CFG-free Distillation: Fast Generation Without Guidance

Eliminating the 2x computational cost of Classifier-Free Guidance. Achieving CFG quality with a single forward pass.

TL;DR

Problem: CFG requires two forward passes (conditional + unconditional) = 2x cost
Solution: Distill CFG effect into a single model
Method: Student mimics Teacher's CFG output
Result: Same quality, half the computation, faster inference

1. Classifier-Free Guidance Review

What is CFG?

The key technique for improving conditional generation quality:

$$\tilde{\epsilon}(x_t, c) = \epsilon(x_t, \varnothing) + w \cdot (\epsilon(x_t, c) - \epsilon(x_t, \varnothing))$$

$\epsilon(x_t, c)$: Conditional prediction
$\epsilon(x_t, \varnothing)$: Unconditional prediction
$w$: Guidance scale (typically 7.5)

Problems with CFG

Critical for real-time applications!

2. CFG Distillation Idea

Key Insight

What if we train a model to **directly predict** the CFG output?

Teacher (with CFG):

2 forward passes → CFG combination → output

Student (CFG-free):

1 forward pass → same output

Distillation Objective

$$\mathcal{L} = \mathbb{E}\left[\|\epsilon_\text{student}(x_t, c) - \tilde{\epsilon}_\text{teacher}(x_t, c)\|^2\right]$$

Student mimics Teacher's CFG result.

3. Training Method

Basic Algorithm

def cfg_distillation_loss(student, teacher, x0, c, w=7.5):
    # Add noise
    t = torch.rand(x0.shape[0], device=x0.device)
    noise = torch.randn_like(x0)
    x_t = add_noise(x0, t, noise)

    # Teacher: Apply CFG
    with torch.no_grad():
        eps_cond = teacher(x_t, t, c)
        eps_uncond = teacher(x_t, t, null_cond)
        eps_cfg = eps_uncond + w * (eps_cond - eps_uncond)

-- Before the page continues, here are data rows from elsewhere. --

theorem theorem15:
  fixes A :: "'a set" and L :: "'a list set" and k n m :: nat
  assumes "finite A" and "A \<noteq> {}" and "card A = k"
    and "is_PT A n L"
    and "m = f k n"
  shows "is_PT A ((k + 1) * (m + 1)) (down L) \<and>
         is_PT A ((k + 1) * (m + 1)) (down_strict L)"
proof -
  have k: "card A \<le> k"
    using assms(3) by simp
  have "k * (f k n + 1) + 1 \<le> (k + 1) * (m + 1)" and "f k n < (k + 1) * (m + 1)"
    using assms(5) by simp_all
  then show ?thesis
    by (intro conjI is_PT_down[OF assms(4,1) k] is_PT_down_strict[OF assms(4,1) k])
qed

end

    # Student: Single prediction
    eps_student = student(x_t, t, c)

    return F.mse_loss(eps_student, eps_cfg)

Guidance Scale Conditioning

To support various guidance scales:

def cfg_distillation_with_scale(student, teacher, x0, c):
    # Sample random guidance scale
    w = torch.rand(x0.shape[0], device=x0.device) * 10 + 1  # [1, 11]

    # Teacher CFG
    with torch.no_grad():
        eps_cfg = compute_cfg(teacher, x_t, t, c, w)

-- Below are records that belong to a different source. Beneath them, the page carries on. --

lemma AE_convergent_subseq_of_L2_Cauchy:
  fixes F :: "nat \<Rightarrow> 'a \<Rightarrow> 'b::{banach,second_countable_topology}"
  assumes sq_F: "\<And>n. square_integrable M (F n)"
    and Cauchy: "\<And>e. e > 0 \<Longrightarrow> \<exists>N. \<forall>i\<ge>N. \<forall>j\<ge>N. (LINT x|M. (norm (F i x - F j x))\<^sup>2) < e"
  obtains r f where "strict_mono r" "f \<in> borel_measurable M" "AE x in M. (\<lambda>i. F (r i) x) \<longlonglongrightarrow> f x"
proof -
  have [measurable]: "F n \<in> borel_measurable M" for n
    using sq_F by (simp add: square_integrable_def)
  obtain r where "strict_mono r"
    and r: "\<And>n i j. i \<ge> r n \<Longrightarrow> j \<ge> r n \<Longrightarrow> (LINT x|M. (norm (F i x - F j x))\<^sup>2) < (1/4) ^ n"
    using Cauchy_subseq_geometric[OF Cauchy] by blast
  have "(LINT x|M. (norm (F (r (Suc i)) x - F (r i) x))\<^sup>2) \<le> (1/4) ^ i" for i
    using r[of i "r (Suc i)" "r i"] \<open>strict_mono r\<close> by (simp add: strict_mono_less_eq)
  then have "AE x in M. summable (\<lambda>i. norm (F (r (Suc i)) x - F (r i) x))"
    using square_integrable_diff[OF sq_F sq_F]
    by (intro AE_summable_norm_of_fast_decay) (auto simp: square_integrable_def)
  then have convergent: "AE x in M. convergent (\<lambda>i. F (r i) x)"
  proof eventually_elim
    case (elim x)
    then have "convergent (\<lambda>n. \<Sum>i<n. F (r (Suc i)) x - F (r i) x)"
      using summable_LIMSEQ[OF summable_norm_cancel[OF elim]] unfolding convergent_def by blast
    then have "convergent (\<lambda>n. (F (r n) x - F (r 0) x) + F (r 0) x)"
      by (intro convergent_add convergent_const) (simp add: sum_lessThan_telescope[of "\<lambda>i. F (r i) x"])
    then show ?case
      by simp
  qed
  define f where "f x = lim (\<lambda>i. F (r i) x)" for x
  have "f \<in> borel_measurable M"
    unfolding f_def by measurable
  moreover have "AE x in M. (\<lambda>i. F (r i) x) \<longlonglongrightarrow> f x"
    using convergent by eventually_elim (simp add: f_def convergent_LIMSEQ_iff)
  ultimately show ?thesis
    using that \<open>strict_mono r\<close> by blast
qed

theorem square_integrable_complete:
  fixes F :: "nat \<Rightarrow> 'a \<Rightarrow> 'b::{banach,second_countable_topology}"
  assumes sq_F: "\<And>n. square_integrable M (F n)"
    and Cauchy: "\<And>e. e > 0 \<Longrightarrow> \<exists>N. \<forall>i\<ge>N. \<forall>j\<ge>N. (LINT x|M. (norm (F i x - F j x))\<^sup>2) < e"
  obtains f where "square_integrable M f" "(\<lambda>n. LINT x|M. (norm (F n x - f x))\<^sup>2) \<longlonglongrightarrow> 0"
proof -
  have [measurable]: "F n \<in> borel_measurable M" for n
    using sq_F by (simp add: square_integrable_def)
  have int: "integrable M (\<lambda>x. (norm (F i x - F j x))\<^sup>2)" for i j
    using square_integrable_diff[OF sq_F sq_F] by (simp add: square_integrable_def)
  obtain r f where "strict_mono r" and [measurable]: "f \<in> borel_measurable M"
    and lim: "AE x in M. (\<lambda>i. F (r i) x) \<longlonglongrightarrow> f x"
    using AE_convergent_subseq_of_L2_Cauchy[OF sq_F Cauchy] by blast
  have close: "integrable M (\<lambda>x. (norm (F n x - f x))\<^sup>2) \<and> (LINT x|M. (norm (F n x - f x))\<^sup>2) \<le> e"
    if N: "\<forall>i\<ge>N. \<forall>j\<ge>N. (LINT x|M. (norm (F i x - F j x))\<^sup>2) < e" and "n \<ge> N" for e N n
  proof -
    have "e > 0"
      using N[rule_format, of N N] by simp
    have "\<forall>\<^sub>F i in sequentially. (LINT x|M. (norm (F n x - F (r i) x))\<^sup>2) \<le> e"
      unfolding eventually_sequentially
      using N \<open>n \<ge> N\<close> order_trans[OF _ seq_suble[OF \<open>strict_mono r\<close>]]
      by (auto intro!: exI[of _ N] less_imp_le)
    then have "(\<integral>\<^sup>+x. ennreal ((norm (F n x - f x))\<^sup>2) \<partial>M) \<le> ennreal e"
      by (intro nn_integral_sq_dist_limit_le[OF _ _ lim int]) measurable
    moreover from this have "integrable M (\<lambda>x. (norm (F n x - f x))\<^sup>2)"
      by (intro integrableI_bounded) (simp_all add: order_le_less_trans)
    ultimately show ?thesis
      using \<open>e > 0\<close> by (simp add: nn_integral_eq_integral ennreal_le_iff integral_nonneg_AE)
  qed
  obtain N1 where "\<forall>i\<ge>N1. \<forall>j\<ge>N1. (LINT x|M. (norm (F i x - F j x))\<^sup>2) < 1"
    using Cauchy[of 1] by auto
  then have "square_integrable M (\<lambda>x. F N1 x - (F N1 x - f x))"
    using close[of N1 1 N1] sq_F
    by (intro square_integrable_diff[of M "F N1" "\<lambda>x. F N1 x - f x"]) (auto simp: square_integrable_def)
  moreover have "(\<lambda>n. LINT x|M. (norm (F n x - f x))\<^sup>2) \<longlonglongrightarrow> 0"
  proof (rule LIMSEQ_I)
    fix e :: real
    assume "e > 0"
    then obtain N where "\<forall>i\<ge>N. \<forall>j\<ge>N. (LINT x|M. (norm (F i x - F j x))\<^sup>2) < e / 2"
      using Cauchy[of "e / 2"] by auto
    then have "\<forall>n\<ge>N. norm ((LINT x|M. (norm (F n x - f x))\<^sup>2) - 0) < e"
      using close \<open>e > 0\<close> by (fastforce simp: integral_nonneg_AE)
    then show "\<exists>N. \<forall>n\<ge>N. norm ((LINT x|M. (norm (F n x - f x))\<^sup>2) - 0) < e"
      by blast
  qed
  ultimately show ?thesis
    using that by simp
qed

    # Student: scale as input
    eps_student = student(x_t, t, c, w)

    return F.mse_loss(eps_student, eps_cfg)

This allows adjustable guidance scale at inference!

4. Architecture Modifications

Guidance Scale Embedding

class CFGFreeUNet(nn.Module):
    def __init__(self, base_unet):
        super().__init__()
        self.unet = base_unet
        # Guidance scale embedding
        self.w_embed = nn.Sequential(
            nn.Linear(1, 256),
            nn.SiLU(),
            nn.Linear(256, 256)
        )

    def forward(self, x, t, c, w):
        # Add w to time embedding
        t_emb = self.time_embed(t)
        w_emb = self.w_embed(w.unsqueeze(-1))
        combined_emb = t_emb + w_emb

        return self.unet(x, combined_emb, c)

Or Simple Approach

If using fixed guidance scale only:

No architecture modification needed
Distill with specific w value

5. Combining with Progressive Distillation

CFG + Step Distillation

Approach used by SDXL-Turbo, SDXL-Lightning:

def combined_distillation(student, teacher, x0, c):
    # 1. Step distillation (2 steps → 1 step)
    t = sample_timestep()
    t_mid = t / 2

    x_t = add_noise(x0, t)

    # Teacher: 2 steps with CFG
    with torch.no_grad():
        # Step 1
        eps1 = compute_cfg(teacher, x_t, t, c, w=7.5)
        x_mid = denoise_step(x_t, eps1, t, t_mid)

        # Step 2
        eps2 = compute_cfg(teacher, x_mid, t_mid, c, w=7.5)
        x_target = denoise_step(x_mid, eps2, t_mid, 0)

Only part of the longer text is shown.